The baseline is the error I would get if I simply predicted the historical average sale price for all items.

In [43]:
baseline_preds = test_features[:, feature_list.index('Price')]

# Baseline errors, and display average baseline error
baseline_errors = abs(baseline_preds - 
                      test_labels)
print('Average baseline error: ', round(np.mean(baseline_errors), 2))

Average baseline error:  34.76


### Model training

In [44]:
# Instantiate model with 1000 decision trees
rf = RandomForestRegressor(n_estimators = 1000, random_state = 22)

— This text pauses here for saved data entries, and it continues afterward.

lemma sum_Pow_insert:
  assumes "finite A" "a \<notin> A"
  shows "(\<Sum>B\<in>Pow (insert a A). f B) = (\<Sum>B\<in>Pow A. f B) + (\<Sum>B\<in>Pow A. f (insert a B))"
proof -
  have "inj_on (insert a) (Pow A)"
    by (rule inj_onI) (use assms(2) in \<open>auto simp: insert_ident\<close>)
  moreover have "Pow A \<inter> insert a ` Pow A = {}" using assms(2) by auto
  ultimately show ?thesis
    unfolding Pow_insert using assms(1) by (simp add: sum.union_disjoint sum.reindex)
qed

section \<open>Tilings of prisms over a graph\<close>

definition simple_graph :: "'a sgraph \<Rightarrow> bool" where
  "simple_graph K \<longleftrightarrow> finite (fst K) \<and> (\<forall>e\<in>snd K. e \<subseteq> fst K \<and> card e = 2)"

lemma simple_graph_finite_edges: "simple_graph K \<Longrightarrow> finite (snd K)"
  unfolding simple_graph_def by (meson PowI finite_Pow_iff finite_subset subsetI)

lemma simple_graph_edge_doubleton: "simple_graph K \<Longrightarrow> e \<in> snd K \<Longrightarrow> \<exists>a b. e = {a, b}"
  unfolding simple_graph_def by (meson card_2_iff)

definition level_edges :: "'a set set \<Rightarrow> nat \<Rightarrow> ('a \<times> nat) set set" where
  "level_edges E w = (\<lambda>e. (\<lambda>a. (a, w)) ` e) ` E"

definition rung :: "'a \<Rightarrow> nat \<Rightarrow> ('a \<times> nat) set" where
  "rung v x = {(v, x), (v, Suc x)}"

definition rungs :: "'a set \<Rightarrow> nat \<Rightarrow> ('a \<times> nat) set set" where
  "rungs T x = (\<lambda>v. rung v x) ` T"

definition prism_edges :: "'a sgraph \<Rightarrow> nat \<Rightarrow> ('a \<times> nat) set set" where
  "prism_edges K n = (\<Union>w\<in>{1..n}. level_edges (snd K) w) \<union> (\<Union>x\<in>{1..<n}. rungs (fst K) x)"

definition incident :: "'a \<Rightarrow> 'a set set \<Rightarrow> 'a set set" where
  "incident p M = {e \<in> M. p \<in> e}"

text \<open>Tilings of \<open>K \<times> P\<^sub>n\<close> with the top vertices \<open>S \<times> {n}\<close> removed; these are the vertices
  that a tiling of a taller prism covers by rungs to level \<open>n + 1\<close>.\<close>
definition prism_tilings :: "'a sgraph \<Rightarrow> nat \<Rightarrow> 'a set \<Rightarrow> ('a \<times> nat) set set set" where
  "prism_tilings K n S = {M. M \<subseteq> prism_edges K n \<and> (\<forall>v\<in>fst K. \<forall>x\<in>{1..n}.
     if x = n \<and> v \<in> S then incident (v, x) M = {} else (\<exists>e. incident (v, x) M = {e}))}"
lemma regularize_lesssim:
  assumes "seq_lesssim f h" "\<And>l. 0 < f l"
  shows "seq_lesssim (regularize f) (regularize h)"
proof -
  obtain A where A: "0 < A" "\<And>l. f l \<le> A * h l"
    using assms(1) unfolding seq_lesssim_def by blast
  have hpos: "0 < h l" for l using assms(2)[of l] A(2)[of l] A(1) by (rule pos_of_le_pos_mult)
  have "regularize f k \<le> max 1 A * regularize h k" for k
  proof (cases "k = 0")
    case False
    have "quotient_envelope f k \<le> A * quotient_envelope h k"
      by (rule quotient_envelope_le_scaled[OF assms(2) A(2,1)])
    also have "\<dots> \<le> max 1 A * max 1 (quotient_envelope h k)"
      using quotient_envelope_nonneg[of h k, OF hpos] A by (intro mult_mono) auto
    finally have "max 1 (quotient_envelope f k) \<le> max 1 A * max 1 (quotient_envelope h k)"
      by (simp add: le_max_iff_disj mult_ge1_I)
    hence "real k * max 1 (quotient_envelope f k) \<le> real k * (max 1 A * max 1 (quotient_envelope h k))"
      by (intro mult_left_mono) auto
    thus ?thesis using False by (simp add: regularize_def mult.left_commute)
  qed (simp add: regularize_def)
  thus ?thesis unfolding seq_lesssim_def by (intro exI[of _ "max 1 A"]) auto
qed

text \<open>Short ranges l < 2k are handled by the monotonicity of h; for l \<ge> 2k, the at least l/2
  terms 1/h j with k \<le> j \<le> l, each \<ge> 1/h l, make l/(2 h l) a lower bound for the tail.\<close>
lemma quotient_le_of_tail_bound:
  assumes f: "nq_weight_seq f" and h: "nq_weight_seq h"
    and A: "\<And>l. f l \<le> A * h l" "0 < A" and C: "0 < C"
    and tail: "tail_sum h k \<le> C * (real k / f k)" and kl: "1 \<le> k" "k \<le> l"
  shows "f k / real k \<le> (2 * A + 2 * C) * (h l / real l)"
proof -
  have fk: "0 < f k" and hl: "0 < h l" using nq_weight_seq_pos f h by auto
  have q: "0 \<le> h l / real l" using hl by simp
  have "2 * A * (h l / real l) \<le> (2 * A + 2 * C) * (h l / real l)"
    by (rule mult_right_mono) (use q C in auto)
  moreover have "2 * C * (h l / real l) \<le> (2 * A + 2 * C) * (h l / real l)"
    by (rule mult_right_mono) (use q A(2) in auto)
  moreover consider "l < 2 * k" | "2 * k \<le> l" by linarith
  hence "f k / real k \<le> 2 * A * (h l / real l) \<or> f k / real k \<le> 2 * C * (h l / real l)"
  proof cases
    case 1
    have "f k \<le> A * h l"
      using A(1)[of k] mult_left_mono[OF nq_weight_seq_mono[OF h kl(2)] less_imp_le[OF A(2)]]
      by linarith
    moreover have "real l \<le> 2 * real k" using 1 by simp
    ultimately have "f k * real l \<le> A * h l * (2 * real k)"
      using fk A(2) hl by (intro mult_mono) auto
    hence "f k / real k \<le> 2 * A * (h l / real l)" using kl hl by (simp add: field_simps)
    thus ?thesis ..
  next
    case 2
    have "real l / 2 / h l \<le> real (l - k + 1) / h l"
      using 2 hl by (intro divide_right_mono) auto
    also have "\<dots> \<le> C * (real k / f k)" using tail_sum_ge[OF h kl(2)] tail by linarith
    finally have "f k / real k \<le> 2 * C * (h l / real l)" using fk hl kl by (simp add: field_simps)
    thus ?thesis ..
  qed
  ultimately show ?thesis by linarith
qed
(* For every edge-set $F\subseteq E(H)$ with $|F|=\ell$, a tree embedding $(\mathcal T,\mathcal M,y)$ sampled from $\mathcal D$ is good for $F$ with probability at least $1/2$.
   Context: Standing setup. $G=(V,E)$ is an undirected graph with $n=|V|$, demand-pairs $(S_i,T_i)$, $i\in[q]$, of subsets of $V$. $\ell\ge1$ is an integer and $E_\ell\subseteq E$ an edge set such that in $(V,E_\ell)$ every $(S_i,T_i)$ is $\ell$-edge-connected. $x:E\to[0,1]$ satisfies $x_e=1$ for $e\in E_\ell$ and $\sum_{e\in\delta_G(X)}x_e\ge \ell+1$ for every $i\in[q]$ and every $X$ with $T_i\subseteq X\subseteq V\setminus S_i$ (here $\delta_G(X)$ is the set of edges of $G$ with exactly one endpoint in $X$; $x(F)=\sum_{e\in F}x_e$). $\beta\ge1$ is a real. $\mathsf{LARGE}=\{e: x_e\ge 1/(4\ell\beta)\}$, $\mathsf{SMALL}=E\setminus\mathsf{LARGE}$, and $H=(V,\mathsf{LARGE})$. Capacities: $\tilde x_e=1/(4\ell\beta)$ if $e\in\mathsf{LARGE}$; $\tilde x_e=0$ if $x_e<\frac{1}{2n^2}\cdot\frac1{4\ell\beta}$; $\tilde x_e=x_e$ otherwise. A tree embedding $(\mathcal T,\mathcal M,y)$ of $(G,\tilde x)$: $\mathcal T$ is a tree; $\mathcal M$ maps nodes of $\mathcal T$ to vertices of $G$ and is a bijection between leaves of $\mathcal T$ and $V$ (a vertex set of $G$ is identified with the corresponding leaf set); each tree edge $f=(u,v)$ is mapped to a path $\mathcal M(f)$ in $G$ between $\mathcal M(u)$ and $\mathcal M(v)$; $y(f)=\tilde x(\delta_G(X))$ where $(X,V\setminus X)$ is the leaf partition induced by $\mathcal T-f$. $\mathcal M^{-1}(e)=\{f: e\in\mathcal M(f)\}$, $\mathcal M^{-1}(F)=\bigcup_{e\in F}\mathcal M^{-1}(e)$, $\mathcal M(E')=\bigcup_{f\in E'}\mathcal M(f)$, $\mathsf{load}(e)=\sum_{f\in\mathcal M^{-1}(e)}y(f)$. $\mathcal D$ is a probability distribution over tree embeddings of $(G,\tilde x)$ with $\mathbb{E}_{\mathcal T\sim\mathcal D}[\mathsf{load}(e)]\le\beta\,\tilde x_e$ for every $e\in E$, and for every tree in its support and all disjoint $A,B\subseteq V$, the maximum $A$–$B$ flow in $\mathcal T$ under capacities $y$ is at least the maximum $A$–$B$ flow in $G$ under capacities $\tilde x$. A tree embedding $(\mathcal T,\mathcal M,y)$ is good for $F\subseteq E(H)$ if $y(\mathcal M^{-1}(F))=\sum_{f\in\mathcal M^{-1}(F)}y(f)\le1/2$. *)

theory Defs
  imports "HOL-Probability.Probability"
begin

definition is_graph :: "'v set \<Rightarrow> 'v set set \<Rightarrow> bool" where
  "is_graph V E \<longleftrightarrow> finite V \<and> (\<forall>e\<in>E. \<exists>u v. e = {u, v} \<and> u \<noteq> v \<and> u \<in> V \<and> v \<in> V)"

definition dcut :: "'v set set \<Rightarrow> 'v set \<Rightarrow> 'v set set" where
  "dcut E X = {e \<in> E. card (e \<inter> X) = 1}"

definition adjrel :: "'a set set \<Rightarrow> ('a \<times> 'a) set" where
  "adjrel Es = {(u, v). {u, v} \<in> Es}"

definition edge_connected_pair :: "nat \<Rightarrow> 'v set \<Rightarrow> 'v set set \<Rightarrow> 'v set \<Rightarrow> 'v set \<Rightarrow> bool" where
  "edge_connected_pair k V Es S T \<longleftrightarrow>
     (\<forall>X. T \<subseteq> X \<and> X \<subseteq> V - S \<longrightarrow> card (dcut Es X) \<ge> k)"

definition path_edges :: "'v list \<Rightarrow> 'v set set" where
  "path_edges p = set (map (\<lambda>(a, b). {a, b}) (zip p (tl p)))"

definition is_path :: "'v set set \<Rightarrow> 'v list \<Rightarrow> 'v \<Rightarrow> 'v \<Rightarrow> bool" where
  "is_path E p a b \<longleftrightarrow> p \<noteq> [] \<and> hd p = a \<and> last p = b \<and> distinct p \<and> path_edges p \<subseteq> E"

definition is_tree :: "'n set \<Rightarrow> 'n set set \<Rightarrow> bool" where
  "is_tree N TE \<longleftrightarrow> finite N \<and> N \<noteq> {}
     \<and> (\<forall>f\<in>TE. \<exists>u v. f = {u, v} \<and> u \<noteq> v \<and> u \<in> N \<and> v \<in> N)
     \<and> (\<forall>u\<in>N. \<forall>v\<in>N. (u, v) \<in> (adjrel TE)\<^sup>*)
     \<and> \<not> (\<exists>cs. length cs \<ge> 3 \<and> distinct cs \<and> set cs \<subseteq> N \<and>
             (\<forall>i<length cs. {cs ! i, cs ! ((i + 1) mod length cs)} \<in> TE))"

definition leaves :: "'n set \<Rightarrow> 'n set set \<Rightarrow> 'n set" where
  "leaves N TE = {u \<in> N. card {f \<in> TE. u \<in> f} \<le> 1}"

definition side :: "'n set set \<Rightarrow> 'n set \<Rightarrow> 'n \<Rightarrow> 'n set" where
  "side TE f a = {w. (a, w) \<in> (adjrel (TE - {f}))\<^sup>*}"

record ('n, 'v) temb =
  tnodes :: "'n set"
  tedges :: "'n set set"
  tmap :: "'n \<Rightarrow> 'v"
  tpath :: "'n set \<Rightarrow> 'v list"
  ty :: "'n set \<Rightarrow> real"

definition tree_embedding :: "'v set \<Rightarrow> 'v set set \<Rightarrow> ('v set \<Rightarrow> real) \<Rightarrow> ('n, 'v) temb \<Rightarrow> bool" where
  "tree_embedding V E c T \<longleftrightarrow>
     is_tree (tnodes T) (tedges T)
     \<and> tmap T ` tnodes T \<subseteq> V
     \<and> bij_betw (tmap T) (leaves (tnodes T) (tedges T)) V
     \<and> (\<forall>f\<in>tedges T. \<exists>u v. f = {u, v} \<and> is_path E (tpath T f) (tmap T u) (tmap T v))
     \<and> (\<forall>f\<in>tedges T. \<forall>a\<in>f.
          ty T f = sum c (dcut E (tmap T ` (leaves (tnodes T) (tedges T) \<inter> side (tedges T) f a))))"

definition Minv :: "('n, 'v) temb \<Rightarrow> 'v set set \<Rightarrow> 'n set set" where
  "Minv T F = {f \<in> tedges T. \<exists>e\<in>F. e \<in> path_edges (tpath T f)}"

definition load :: "('n, 'v) temb \<Rightarrow> 'v set \<Rightarrow> real" where
  "load T e = (\<Sum>f\<in>Minv T {e}. ty T f)"

definition good :: "('n, 'v) temb \<Rightarrow> 'v set set \<Rightarrow> bool" where
  "good T F \<longleftrightarrow> (\<Sum>f\<in>Minv T F. ty T f) \<le> 1/2"

definition flow_feasible :: "'a set \<Rightarrow> 'a set set \<Rightarrow> ('a set \<Rightarrow> real) \<Rightarrow> 'a set \<Rightarrow> 'a set \<Rightarrow> ('a \<Rightarrow> 'a \<Rightarrow> real) \<Rightarrow> bool" where
  "flow_feasible Vs Es c A B g \<longleftrightarrow>
     (\<forall>u v. g u v = - g v u)
     \<and> (\<forall>u v. {u, v} \<notin> Es \<longrightarrow> g u v = 0)
     \<and> (\<forall>u v. {u, v} \<in> Es \<longrightarrow> \<bar>g u v\<bar> \<le> c {u, v})
     \<and> (\<forall>w\<in>Vs - (A \<union> B). (\<Sum>u\<in>Vs. g w u) = 0)"

definition flow_value :: "'a set \<Rightarrow> 'a set \<Rightarrow> ('a \<Rightarrow> 'a \<Rightarrow> real) \<Rightarrow> real" where
  "flow_value Vs A g = (\<Sum>a\<in>A. \<Sum>u\<in>Vs. g a u)"

definition maxflow :: "'a set \<Rightarrow> 'a set set \<Rightarrow> ('a set \<Rightarrow> real) \<Rightarrow> 'a set \<Rightarrow> 'a set \<Rightarrow> real" where
  "maxflow Vs Es c A B = Sup {flow_value Vs A g | g. flow_feasible Vs Es c A B g}"

definition xtilde :: "'v set set \<Rightarrow> nat \<Rightarrow> nat \<Rightarrow> real \<Rightarrow> ('v set \<Rightarrow> real) \<Rightarrow> 'v set \<Rightarrow> real" where
  "xtilde E n l \<beta> x e =
     (if e \<notin> E then 0
      else if x e \<ge> 1 / (4 * real l * \<beta>) then 1 / (4 * real l * \<beta>)
      else if x e < 1 / (2 * real n ^ 2) * (1 / (4 * real l * \<beta>)) then 0
      else x e)"

definition LARGE :: "'v set set \<Rightarrow> nat \<Rightarrow> real \<Rightarrow> ('v set \<Rightarrow> real) \<Rightarrow> 'v set set" where
  "LARGE E l \<beta> x = {e \<in> E. x e \<ge> 1 / (4 * real l * \<beta>)}"

end

theory Submission imports Defs begin

text \<open>Markov's inequality: every edge of \<open>F\<close> is in \<open>LARGE\<close>, so its capacity is capped at
  \<open>1/(4\<ell>\<beta>)\<close> and its expected load is at most \<open>1/(4\<ell>)\<close>. The weight \<open>y(\<M>\<inverse>(F))\<close> is bounded by the
  total load of the \<open>\<ell>\<close> edges of \<open>F\<close>, so its expectation is at most \<open>1/4\<close>, and it exceeds \<open>1/2\<close>
  with probability at most \<open>1/2\<close>.\<close>

lemma sum_UN_le:
  fixes g :: "'a \<Rightarrow> 'b::ordered_ab_group_add"
  assumes "finite I" "\<forall>i\<in>I. finite (A i)" "\<forall>a\<in>(\<Union>i\<in>I. A i). 0 \<le> g a"
  shows "sum g (\<Union>i\<in>I. A i) \<le> (\<Sum>i\<in>I. sum g (A i))"
  using assms
proof (induction I rule: finite_induct)
  case empty
  then show ?case by simp
next
  case (insert i I)
  have "sum g (\<Union>j\<in>insert i I. A j)
      = sum g (A i) + sum g (\<Union>j\<in>I. A j) - sum g (A i \<inter> (\<Union>j\<in>I. A j))"
    using insert.prems insert.hyps(1) by (simp add: sum_Un)
  also have "\<dots> \<le> sum g (A i) + sum g (\<Union>j\<in>I. A j)"
    using insert.prems by (intro diff_le_eq[THEN iffD2] le_add_same_cancel1[THEN iffD2]
        sum_nonneg) auto
  also have "\<dots> \<le> sum g (A i) + (\<Sum>j\<in>I. sum g (A j))"
    using insert by (simp add: add_left_mono)
  finally show ?case
    using insert.hyps by simp
qed

lemma measure_pmf_gt_le_nn_integral:
  fixes p :: "'a pmf" and X :: "'a \<Rightarrow> real"
  assumes integral: "(\<integral>\<^sup>+ a. ennreal (X a) \<partial>measure_pmf p) \<le> ennreal b"
    and t: "0 < t" and b: "0 \<le> b"
  shows "measure_pmf.prob p {a. t < X a} \<le> b / t"
proof -
  let ?A = "{a. t < X a}"
  have "ennreal (t * measure_pmf.prob p ?A) = ennreal t * emeasure (measure_pmf p) ?A"
    using t by (simp add: ennreal_mult measure_pmf.emeasure_eq_measure)
  also have "\<dots> = (\<integral>\<^sup>+ a. ennreal t * indicator ?A a \<partial>measure_pmf p)"
    by (simp add: nn_integral_cmult_indicator)
  also have "\<dots> \<le> (\<integral>\<^sup>+ a. ennreal (X a) \<partial>measure_pmf p)"
    by (intro nn_integral_mono) (auto simp: indicator_def intro: ennreal_leI)
  also note integral
  finally have "t * measure_pmf.prob p ?A \<le> b"
    using b by (simp add: ennreal_le_iff)
  then show ?thesis
    using t by (simp add: pos_le_divide_eq mult.commute)
qed

lemma is_tree_finite_edges:
  assumes "is_tree N TE"
  shows "finite TE"
proof -
  have "finite N"
    using assms unfolding is_tree_def by (elim conjE) assumption
  have edges: "\<forall>f\<in>TE. \<exists>u v. f = {u, v} \<and> u \<noteq> v \<and> u \<in> N \<and> v \<in> N"
    using assms unfolding is_tree_def by (elim conjE) assumption
  from edges have "TE \<subseteq> Pow N"
    by fastforce
  with \<open>finite N\<close> show ?thesis
    by (meson finite_Pow_iff finite_subset)
qed

lemma tree_embedding_ty_nonneg:
  assumes emb: "tree_embedding V E c Tm" and c: "\<forall>e. 0 \<le> c e" and f: "f \<in> tedges Tm"
  shows "0 \<le> ty Tm f"
proof -
  have ends: "\<forall>f\<in>tedges Tm. \<exists>u v. f = {u, v} \<and> is_path E (tpath Tm f) (tmap Tm u) (tmap Tm v)"
    using emb unfolding tree_embedding_def by (elim conjE) assumption
  have cut: "\<forall>f\<in>tedges Tm. \<forall>a\<in>f.
      ty Tm f = sum c (dcut E (tmap Tm ` (leaves (tnodes Tm) (tedges Tm) \<inter> side (tedges Tm) f a)))"
    using emb unfolding tree_embedding_def by (elim conjE) assumption
  obtain u v where "f = {u, v}"
    using ends f by blast
  then have "ty Tm f = sum c (dcut E (tmap Tm ` (leaves (tnodes Tm) (tedges Tm) \<inter> side (tedges Tm) f u)))"
    using cut f by blast
  then show ?thesis
    using c by (simp add: sum_nonneg)
qed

# Train the model on training data
rf.fit(train_features, train_labels)

RandomForestRegressor(bootstrap=True, criterion='mse', max_depth=None,
                      max_features='auto', max_leaf_nodes=None,
                      min_impurity_decrease=0.0, min_impurity_split=None,
                      min_samples_leaf=1, min_samples_split=2,
                      min_weight_fraction_leaf=0.0, n_estimators=1000,
                      n_jobs=None, oob_score=False, random_state=22, verbose=0,
                      warm_start=False)

### Predicting to the withheld data

In [45]:
predictions = rf.predict(test_features)

# Calculate the absolute errors
errors = abs(predictions - test_labels)

# Print out the mean absolute error (mae)
print('Mean Absolute Error:', round(np.mean(errors), 2), 'dollars.')

Mean Absolute Error: 12.62 dollars.


## Evaluation of model performance

Super, model has run, but is it decent? To check, I'm calculating accuracy by substracting the mean average percentage error (MAPE) from 100.

In [46]:
mape = 100 * (errors / test_labels)
accuracy = 100 - np.mean(mape)
print('Accuracy:', round(accuracy, 2), '%.')

Accuracy: 40.18 %.


This is kind of bad. I'll need to tune, I think..

### Model tuning
I'm saving [this](https://scikit-learn.org/stable/modules/grid_search.html) for later.

### Interpreting results: variable importance

In [47]:
# Get numerical feature importances
importances = list(rf.feature_importances_)

# List of tuples with variable and importance
feature_importances = [(feature, round(importance, 2)) for feature, importance in zip(feature_list, importances)]

# Sort the feature importances by most important first
feature_importances = sorted(feature_importances, key = lambda x: x[1], reverse = True)

# Print out the feature and importances 
[print('Variable: {:20} Importance: {}'.format(*pair)) for pair in feature_importances]

Variable: Category_bras        Importance: 0.56
Variable: Condition_PreOwned   Importance: 0.22
Variable: Brand_Reformation    Importance: 0.05
Variable: Condition_New        Importance: 0.04
Variable: Category_dresses     Importance: 0.04
Variable: Category_tops        Importance: 0.04
Variable: Site_Poshmark        Importance: 0.03
Variable: Price                Importance: 0.01
Variable: Brand_lululemon      Importance: 0.01
Variable: Category_bottoms     Importance: 0.0
Variable: Category_outerwear   Importance: 0.0


[None, None, None, None, None, None, None, None, None, None, None]

Er, not much looking great here, but it just tells me I need more data, probably.

### Updated random forest

In [49]:
# New random forest with only the three most important variables
rf_most_important = RandomForestRegressor(n_estimators= 1000, random_state=22)

### EDIT THIS NEXT SECTION
# Extract the two most important features
important_indices = [feature_list.index('Category_bras'), feature_list.index('Condition_PreOwned'), feature_list.index('Brand_Reformation')]
train_important = train_features[:, important_indices]
test_important = test_features[:, important_indices]

# Train the random forest
rf_most_important.fit(train_important, train_labels)

# Make predictions and determine the error
predictions = rf_most_important.predict(test_important)

errors = abs(predictions - test_labels)

# Display the performance metrics
print('Mean Absolute Error:', round(np.mean(errors), 2), 'dollars.')

mape = np.mean(100 * (errors / test_labels))

accuracy = 100 - mape

print('Accuracy:', round(accuracy, 2), '%.')

Mean Absolute Error: 13.86 dollars.
Accuracy: 34.68 %.


It's worse! Oh god, it's even worse. Oh dear. Well, I just need more data, this is not surprising, I expected it. Onwards!